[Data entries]
Content starts

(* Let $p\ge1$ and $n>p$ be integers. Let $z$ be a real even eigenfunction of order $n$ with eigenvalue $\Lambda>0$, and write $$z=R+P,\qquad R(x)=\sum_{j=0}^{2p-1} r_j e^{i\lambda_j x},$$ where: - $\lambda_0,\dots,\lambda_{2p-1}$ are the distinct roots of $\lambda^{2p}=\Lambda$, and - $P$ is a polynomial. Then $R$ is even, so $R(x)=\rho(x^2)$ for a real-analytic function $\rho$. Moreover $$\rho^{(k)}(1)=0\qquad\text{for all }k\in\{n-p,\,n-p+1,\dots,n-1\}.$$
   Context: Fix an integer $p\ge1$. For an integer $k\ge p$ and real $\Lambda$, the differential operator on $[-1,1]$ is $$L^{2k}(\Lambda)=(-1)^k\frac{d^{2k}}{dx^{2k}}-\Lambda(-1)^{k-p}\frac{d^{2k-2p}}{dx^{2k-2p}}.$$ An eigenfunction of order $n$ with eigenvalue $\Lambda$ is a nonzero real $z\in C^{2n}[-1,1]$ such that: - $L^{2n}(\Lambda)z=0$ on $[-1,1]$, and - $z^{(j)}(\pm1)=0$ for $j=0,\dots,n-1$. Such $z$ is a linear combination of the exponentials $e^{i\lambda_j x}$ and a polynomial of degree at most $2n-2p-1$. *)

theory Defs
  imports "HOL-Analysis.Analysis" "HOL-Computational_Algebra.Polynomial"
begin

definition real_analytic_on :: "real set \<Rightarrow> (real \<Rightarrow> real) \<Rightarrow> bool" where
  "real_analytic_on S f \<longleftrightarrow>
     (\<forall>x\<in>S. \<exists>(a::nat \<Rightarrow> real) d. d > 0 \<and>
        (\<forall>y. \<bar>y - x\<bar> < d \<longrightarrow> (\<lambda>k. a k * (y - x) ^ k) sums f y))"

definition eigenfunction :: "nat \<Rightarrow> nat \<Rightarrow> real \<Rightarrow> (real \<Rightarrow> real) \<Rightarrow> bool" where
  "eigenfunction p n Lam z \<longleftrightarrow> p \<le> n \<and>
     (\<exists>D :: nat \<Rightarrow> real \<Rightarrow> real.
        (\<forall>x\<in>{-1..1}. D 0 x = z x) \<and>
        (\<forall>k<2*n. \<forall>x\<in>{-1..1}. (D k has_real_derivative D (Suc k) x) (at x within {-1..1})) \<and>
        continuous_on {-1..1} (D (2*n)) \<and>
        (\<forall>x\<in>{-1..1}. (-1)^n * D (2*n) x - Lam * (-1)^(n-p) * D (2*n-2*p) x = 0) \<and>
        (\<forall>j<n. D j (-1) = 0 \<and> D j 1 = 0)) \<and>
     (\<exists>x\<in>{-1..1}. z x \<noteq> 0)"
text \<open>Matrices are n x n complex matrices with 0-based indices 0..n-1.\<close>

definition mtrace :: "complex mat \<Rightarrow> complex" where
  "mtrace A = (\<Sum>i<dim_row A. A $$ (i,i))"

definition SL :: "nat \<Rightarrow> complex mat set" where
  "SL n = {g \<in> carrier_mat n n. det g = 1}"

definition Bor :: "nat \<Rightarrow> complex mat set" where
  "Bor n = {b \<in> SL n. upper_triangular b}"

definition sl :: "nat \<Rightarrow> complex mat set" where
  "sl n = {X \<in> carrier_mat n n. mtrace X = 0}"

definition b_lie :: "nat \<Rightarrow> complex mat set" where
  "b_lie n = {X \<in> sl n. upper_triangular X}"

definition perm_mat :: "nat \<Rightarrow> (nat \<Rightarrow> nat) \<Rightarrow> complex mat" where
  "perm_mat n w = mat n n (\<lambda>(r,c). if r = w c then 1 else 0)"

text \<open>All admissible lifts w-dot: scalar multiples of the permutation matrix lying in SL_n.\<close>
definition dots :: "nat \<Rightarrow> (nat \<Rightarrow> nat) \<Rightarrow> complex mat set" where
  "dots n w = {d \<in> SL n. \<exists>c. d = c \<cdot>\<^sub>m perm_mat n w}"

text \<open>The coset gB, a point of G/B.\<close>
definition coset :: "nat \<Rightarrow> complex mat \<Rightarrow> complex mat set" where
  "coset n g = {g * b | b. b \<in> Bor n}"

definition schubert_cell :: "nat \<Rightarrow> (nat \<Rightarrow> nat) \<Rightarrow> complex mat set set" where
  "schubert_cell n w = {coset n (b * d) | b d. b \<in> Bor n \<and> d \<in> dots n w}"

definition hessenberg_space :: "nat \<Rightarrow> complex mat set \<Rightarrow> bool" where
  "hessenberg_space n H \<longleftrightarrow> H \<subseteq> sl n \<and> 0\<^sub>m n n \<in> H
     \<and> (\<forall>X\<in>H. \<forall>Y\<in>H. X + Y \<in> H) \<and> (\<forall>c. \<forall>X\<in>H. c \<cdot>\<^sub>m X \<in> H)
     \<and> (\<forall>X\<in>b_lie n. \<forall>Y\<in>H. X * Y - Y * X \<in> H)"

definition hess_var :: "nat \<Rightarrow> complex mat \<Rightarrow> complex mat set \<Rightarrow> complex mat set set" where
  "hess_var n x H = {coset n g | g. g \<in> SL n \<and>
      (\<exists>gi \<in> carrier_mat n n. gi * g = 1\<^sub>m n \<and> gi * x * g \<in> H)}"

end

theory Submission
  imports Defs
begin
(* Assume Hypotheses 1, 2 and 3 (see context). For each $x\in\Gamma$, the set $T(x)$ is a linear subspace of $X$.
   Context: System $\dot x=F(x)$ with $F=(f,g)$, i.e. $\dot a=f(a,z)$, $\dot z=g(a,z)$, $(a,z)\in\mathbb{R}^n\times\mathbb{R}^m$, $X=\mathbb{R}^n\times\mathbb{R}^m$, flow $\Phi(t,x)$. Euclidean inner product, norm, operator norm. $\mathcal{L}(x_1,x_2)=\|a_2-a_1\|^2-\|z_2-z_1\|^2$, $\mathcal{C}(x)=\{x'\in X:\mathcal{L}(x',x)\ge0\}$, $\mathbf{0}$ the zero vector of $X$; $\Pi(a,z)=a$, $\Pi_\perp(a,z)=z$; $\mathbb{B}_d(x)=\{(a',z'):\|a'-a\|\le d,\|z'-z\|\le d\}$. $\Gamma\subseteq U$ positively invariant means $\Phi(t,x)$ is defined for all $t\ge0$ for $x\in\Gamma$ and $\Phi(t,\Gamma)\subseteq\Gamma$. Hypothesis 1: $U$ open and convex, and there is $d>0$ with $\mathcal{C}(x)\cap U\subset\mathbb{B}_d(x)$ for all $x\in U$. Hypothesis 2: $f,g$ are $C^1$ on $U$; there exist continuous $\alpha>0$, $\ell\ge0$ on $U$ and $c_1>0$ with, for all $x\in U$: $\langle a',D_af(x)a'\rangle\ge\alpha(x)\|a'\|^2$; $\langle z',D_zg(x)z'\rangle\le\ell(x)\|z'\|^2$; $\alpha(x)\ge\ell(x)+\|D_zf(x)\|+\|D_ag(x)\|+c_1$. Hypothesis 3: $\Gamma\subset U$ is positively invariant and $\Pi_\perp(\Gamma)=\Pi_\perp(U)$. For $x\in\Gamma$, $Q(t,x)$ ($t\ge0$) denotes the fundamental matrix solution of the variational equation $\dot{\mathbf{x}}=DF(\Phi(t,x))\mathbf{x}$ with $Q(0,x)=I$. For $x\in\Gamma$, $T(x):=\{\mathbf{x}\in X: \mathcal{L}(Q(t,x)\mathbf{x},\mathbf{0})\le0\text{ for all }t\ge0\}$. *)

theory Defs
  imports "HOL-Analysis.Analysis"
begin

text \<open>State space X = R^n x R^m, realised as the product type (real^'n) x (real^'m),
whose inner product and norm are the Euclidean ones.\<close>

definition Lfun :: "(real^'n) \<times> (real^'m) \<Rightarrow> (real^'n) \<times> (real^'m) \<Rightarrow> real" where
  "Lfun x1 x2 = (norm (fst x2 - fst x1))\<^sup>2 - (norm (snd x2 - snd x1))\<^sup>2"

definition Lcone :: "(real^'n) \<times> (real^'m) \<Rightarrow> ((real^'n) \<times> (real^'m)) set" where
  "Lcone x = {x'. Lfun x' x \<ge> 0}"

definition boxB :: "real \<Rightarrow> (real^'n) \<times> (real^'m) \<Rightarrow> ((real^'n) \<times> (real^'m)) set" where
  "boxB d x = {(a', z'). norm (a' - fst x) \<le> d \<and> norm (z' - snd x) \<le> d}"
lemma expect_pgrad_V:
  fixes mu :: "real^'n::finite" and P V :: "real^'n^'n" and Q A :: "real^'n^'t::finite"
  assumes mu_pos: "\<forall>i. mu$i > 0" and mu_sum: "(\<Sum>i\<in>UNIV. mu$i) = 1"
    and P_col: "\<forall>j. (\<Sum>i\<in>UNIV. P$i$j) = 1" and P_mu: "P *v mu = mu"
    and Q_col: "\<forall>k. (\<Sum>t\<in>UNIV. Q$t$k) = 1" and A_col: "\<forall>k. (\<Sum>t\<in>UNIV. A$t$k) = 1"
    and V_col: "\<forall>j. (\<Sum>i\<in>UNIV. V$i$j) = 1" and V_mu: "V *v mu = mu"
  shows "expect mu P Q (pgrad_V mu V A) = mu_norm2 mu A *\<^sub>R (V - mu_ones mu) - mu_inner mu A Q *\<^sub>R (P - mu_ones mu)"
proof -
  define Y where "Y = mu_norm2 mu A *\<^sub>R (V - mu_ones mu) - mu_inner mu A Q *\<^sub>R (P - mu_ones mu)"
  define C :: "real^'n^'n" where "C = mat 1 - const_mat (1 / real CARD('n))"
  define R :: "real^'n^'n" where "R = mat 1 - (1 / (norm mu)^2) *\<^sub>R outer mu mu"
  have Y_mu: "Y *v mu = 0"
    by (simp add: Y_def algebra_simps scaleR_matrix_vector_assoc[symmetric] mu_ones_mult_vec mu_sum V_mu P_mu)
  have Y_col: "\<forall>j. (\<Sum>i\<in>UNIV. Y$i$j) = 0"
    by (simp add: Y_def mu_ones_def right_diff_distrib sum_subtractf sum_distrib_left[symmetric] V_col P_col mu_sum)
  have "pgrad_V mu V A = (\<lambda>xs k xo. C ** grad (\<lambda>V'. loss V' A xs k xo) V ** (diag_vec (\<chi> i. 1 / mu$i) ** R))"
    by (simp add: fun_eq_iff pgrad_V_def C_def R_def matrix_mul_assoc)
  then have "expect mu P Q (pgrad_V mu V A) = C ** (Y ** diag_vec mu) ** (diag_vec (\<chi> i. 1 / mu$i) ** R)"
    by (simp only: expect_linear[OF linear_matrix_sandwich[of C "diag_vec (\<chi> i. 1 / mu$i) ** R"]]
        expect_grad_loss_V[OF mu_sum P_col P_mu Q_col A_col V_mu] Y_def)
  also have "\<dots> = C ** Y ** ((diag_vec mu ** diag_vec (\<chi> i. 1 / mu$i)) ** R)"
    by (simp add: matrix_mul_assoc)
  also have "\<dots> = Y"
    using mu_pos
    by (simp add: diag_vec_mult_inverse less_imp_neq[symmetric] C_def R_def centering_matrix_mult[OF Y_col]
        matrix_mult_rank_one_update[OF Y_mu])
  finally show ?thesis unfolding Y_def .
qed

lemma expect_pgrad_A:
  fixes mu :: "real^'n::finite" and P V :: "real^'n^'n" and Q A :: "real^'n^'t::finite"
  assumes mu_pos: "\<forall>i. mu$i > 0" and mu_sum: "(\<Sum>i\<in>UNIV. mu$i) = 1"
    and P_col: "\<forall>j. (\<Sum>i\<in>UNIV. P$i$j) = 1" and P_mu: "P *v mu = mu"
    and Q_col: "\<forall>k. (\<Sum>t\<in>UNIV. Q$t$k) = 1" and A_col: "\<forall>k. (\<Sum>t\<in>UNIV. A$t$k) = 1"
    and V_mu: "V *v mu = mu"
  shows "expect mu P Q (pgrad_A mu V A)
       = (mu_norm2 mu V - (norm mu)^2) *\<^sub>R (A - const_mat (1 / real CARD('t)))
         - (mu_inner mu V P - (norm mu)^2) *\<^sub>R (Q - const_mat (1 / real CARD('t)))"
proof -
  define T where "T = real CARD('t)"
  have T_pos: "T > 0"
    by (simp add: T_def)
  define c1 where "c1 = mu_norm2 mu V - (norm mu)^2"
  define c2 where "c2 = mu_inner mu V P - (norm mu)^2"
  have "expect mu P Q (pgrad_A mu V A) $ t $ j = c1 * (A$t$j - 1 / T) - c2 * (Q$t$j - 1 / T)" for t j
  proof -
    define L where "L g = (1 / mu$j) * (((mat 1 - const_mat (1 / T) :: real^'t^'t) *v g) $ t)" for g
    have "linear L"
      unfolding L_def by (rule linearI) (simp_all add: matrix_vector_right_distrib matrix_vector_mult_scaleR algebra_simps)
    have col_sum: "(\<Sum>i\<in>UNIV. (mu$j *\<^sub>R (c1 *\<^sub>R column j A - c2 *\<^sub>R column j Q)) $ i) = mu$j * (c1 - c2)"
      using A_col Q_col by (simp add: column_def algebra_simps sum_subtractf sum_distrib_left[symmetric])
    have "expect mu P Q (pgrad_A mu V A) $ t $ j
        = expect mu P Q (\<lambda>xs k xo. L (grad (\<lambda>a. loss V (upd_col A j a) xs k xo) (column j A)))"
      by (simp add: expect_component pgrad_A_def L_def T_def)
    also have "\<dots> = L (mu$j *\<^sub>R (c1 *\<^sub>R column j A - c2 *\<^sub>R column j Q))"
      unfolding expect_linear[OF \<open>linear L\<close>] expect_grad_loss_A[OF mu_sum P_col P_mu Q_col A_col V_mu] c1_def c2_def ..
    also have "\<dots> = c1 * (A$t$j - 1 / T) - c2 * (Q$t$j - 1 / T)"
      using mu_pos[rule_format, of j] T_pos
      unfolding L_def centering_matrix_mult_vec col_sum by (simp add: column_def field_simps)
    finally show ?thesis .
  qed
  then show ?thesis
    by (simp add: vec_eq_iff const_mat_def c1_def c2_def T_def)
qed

Content ends

### [Action item]
Nothing but a number should be given: the number of lines in the records that contain the word "close".

### [Task result]
5